┌─ Given records
lemma prob_prun_le_paca_acc_prob:
  "measure_pmf.prob (prun \<delta>0 \<delta>1 A x t) {p. snd p} \<le> paca_acc_prob \<delta>0 \<delta>1 A x"
  unfolding paca_acc_prob_def by (rule cSUP_upper) (auto intro: bdd_aboveI2[where M = 1])

abbreviation coins :: "nat \<Rightarrow> (nat \<Rightarrow> bool) pmf" where
  "coins n \<equiv> Pi_pmf {..<n} False (\<lambda>_. bernoulli_pmf (1/2))"

lemma prob_coin_eq: assumes "i < n" shows "measure_pmf.prob (coins n) {c. c i = v} = 1/2"
proof -
  have "measure_pmf.prob (coins n) {c. c i = v} = measure_pmf.prob (map_pmf (\<lambda>c. c i) (coins n)) {v}"
    by (simp add: vimage_def)
  also have "map_pmf (\<lambda>c. c i) (coins n) = bernoulli_pmf (1/2)"
    using assms by (subst Pi_pmf_component) (auto simp del: lessThan_iff)
  finally show ?thesis by (cases v) (simp_all add: measure_pmf_single)
qed

lemma prob_prun_2:
  assumes "\<And>c0 c1. (set x \<subseteq> A \<or> set (pca_step \<delta>0 \<delta>1 c0 x) \<subseteq> A
      \<or> set (pca_step \<delta>0 \<delta>1 c1 (pca_step \<delta>0 \<delta>1 c0 x)) \<subseteq> A) \<longleftrightarrow> G c0"
  shows "measure_pmf.prob (prun \<delta>0 \<delta>1 A x 2) {p. snd p} = measure_pmf.prob (coins (length x)) {c. G c}"
proof -
  have "map_pmf snd (prun \<delta>0 \<delta>1 A x 2) = bind_pmf (coins (length x)) (\<lambda>c0. map_pmf (\<lambda>_. G c0) (coins (length x)))"
    using assms
    by (simp add: numeral_2_eq_2 bind_return_pmf pstep_def bind_map_pmf map_bind_pmf map_pmf_comp)
  also have "\<dots> = map_pmf G (coins (length x))"
    by (simp add: map_pmf_def)
  finally have marginal: "map_pmf snd (prun \<delta>0 \<delta>1 A x 2) = map_pmf G (coins (length x))" .
  have "measure_pmf.prob (prun \<delta>0 \<delta>1 A x 2) {p. snd p} = measure_pmf.prob (map_pmf snd (prun \<delta>0 \<delta>1 A x 2)) {True}"
    by (simp add: vimage_def)
  also have "\<dots> = measure_pmf.prob (coins (length x)) {c. G c}"
    unfolding marginal by (simp add: vimage_def)
  finally show ?thesis .
qed

section \<open>A PACA of time complexity 3\<close>

text \<open>Clipping non-letters to the boundary code 0 keeps the state set finite; on runs from
  input words it never applies.\<close>

definition code :: "nat option \<Rightarrow> nat" where
  "code v = (case v of Some a \<Rightarrow> if a \<le> 3 then Suc a else 0 | None \<Rightarrow> 0)"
└─
Work order:
The answer should consist of every record above, copied exactly.

Exercise solution:
lemma prob_prun_le_paca_acc_prob:
  "measure_pmf.prob (prun \<delta>0 \<delta>1 A x t) {p. snd p} \<le> paca_acc_prob \<delta>0 \<delta>1 A x"
  unfolding paca_acc_prob_def by (rule cSUP_upper) (auto intro: bdd_aboveI2[where M = 1])

abbreviation coins :: "nat \<Rightarrow> (nat \<Rightarrow> bool) pmf" where
  "coins n \<equiv> Pi_pmf {..<n} False (\<lambda>_. bernoulli_pmf (1/2))"

lemma prob_coin_eq: assumes "i < n" shows "measure_pmf.prob (coins n) {c. c i = v} = 1/2"
proof -
  have "measure_pmf.prob (coins n) {c. c i = v} = measure_pmf.prob (map_pmf (\<lambda>c. c i) (coins n)) {v}"
    by (simp add: vimage_def)
  also have "map_pmf (\<lambda>c. c i) (coins n) = bernoulli_pmf (1/2)"
    using assms by (subst Pi_pmf_component) (auto simp del: lessThan_iff)
  finally show ?thesis by (cases v) (simp_all add: measure_pmf_single)
qed

lemma prob_prun_2:
  assumes "\<And>c0 c1. (set x \<subseteq> A \<or> set (pca_step \<delta>0 \<delta>1 c0 x) \<subseteq> A
      \<or> set (pca_step \<delta>0 \<delta>1 c1 (pca_step \<delta>0 \<delta>1 c0 x)) \<subseteq> A) \<longleftrightarrow> G c0"
  shows "measure_pmf.prob (prun \<delta>0 \<delta>1 A x 2) {p. snd p} = measure_pmf.prob (coins (length x)) {c. G c}"
proof -
  have "map_pmf snd (prun \<delta>0 \<delta>1 A x 2) = bind_pmf (coins (length x)) (\<lambda>c0. map_pmf (\<lambda>_. G c0) (coins (length x)))"
    using assms
    by (simp add: numeral_2_eq_2 bind_return_pmf pstep_def bind_map_pmf map_bind_pmf map_pmf_comp)
  also have "\<dots> = map_pmf G (coins (length x))"
    by (simp add: map_pmf_def)
  finally have marginal: "map_pmf snd (prun \<delta>0 \<delta>1 A x 2) = map_pmf G (coins (length x))" .
  have "measure_pmf.prob (prun \<delta>0 \<delta>1 A x 2) {p. snd p} = measure_pmf.prob (map_pmf snd (prun \<delta>0 \<delta>1 A x 2)) {True}"
    by (simp add: vimage_def)
  also have "\<dots> = measure_pmf.prob (coins (length x)) {c. G c}"
    unfolding marginal by (simp add: vimage_def)
  finally show ?thesis .
qed

section \<open>A PACA of time complexity 3\<close>

text \<open>Clipping non-letters to the boundary code 0 keeps the state set finite; on runs from
  input words it never applies.\<close>

definition code :: "nat option \<Rightarrow> nat" where
  "code v = (case v of Some a \<Rightarrow> if a \<le> 3 then Suc a else 0 | None \<Rightarrow> 0)"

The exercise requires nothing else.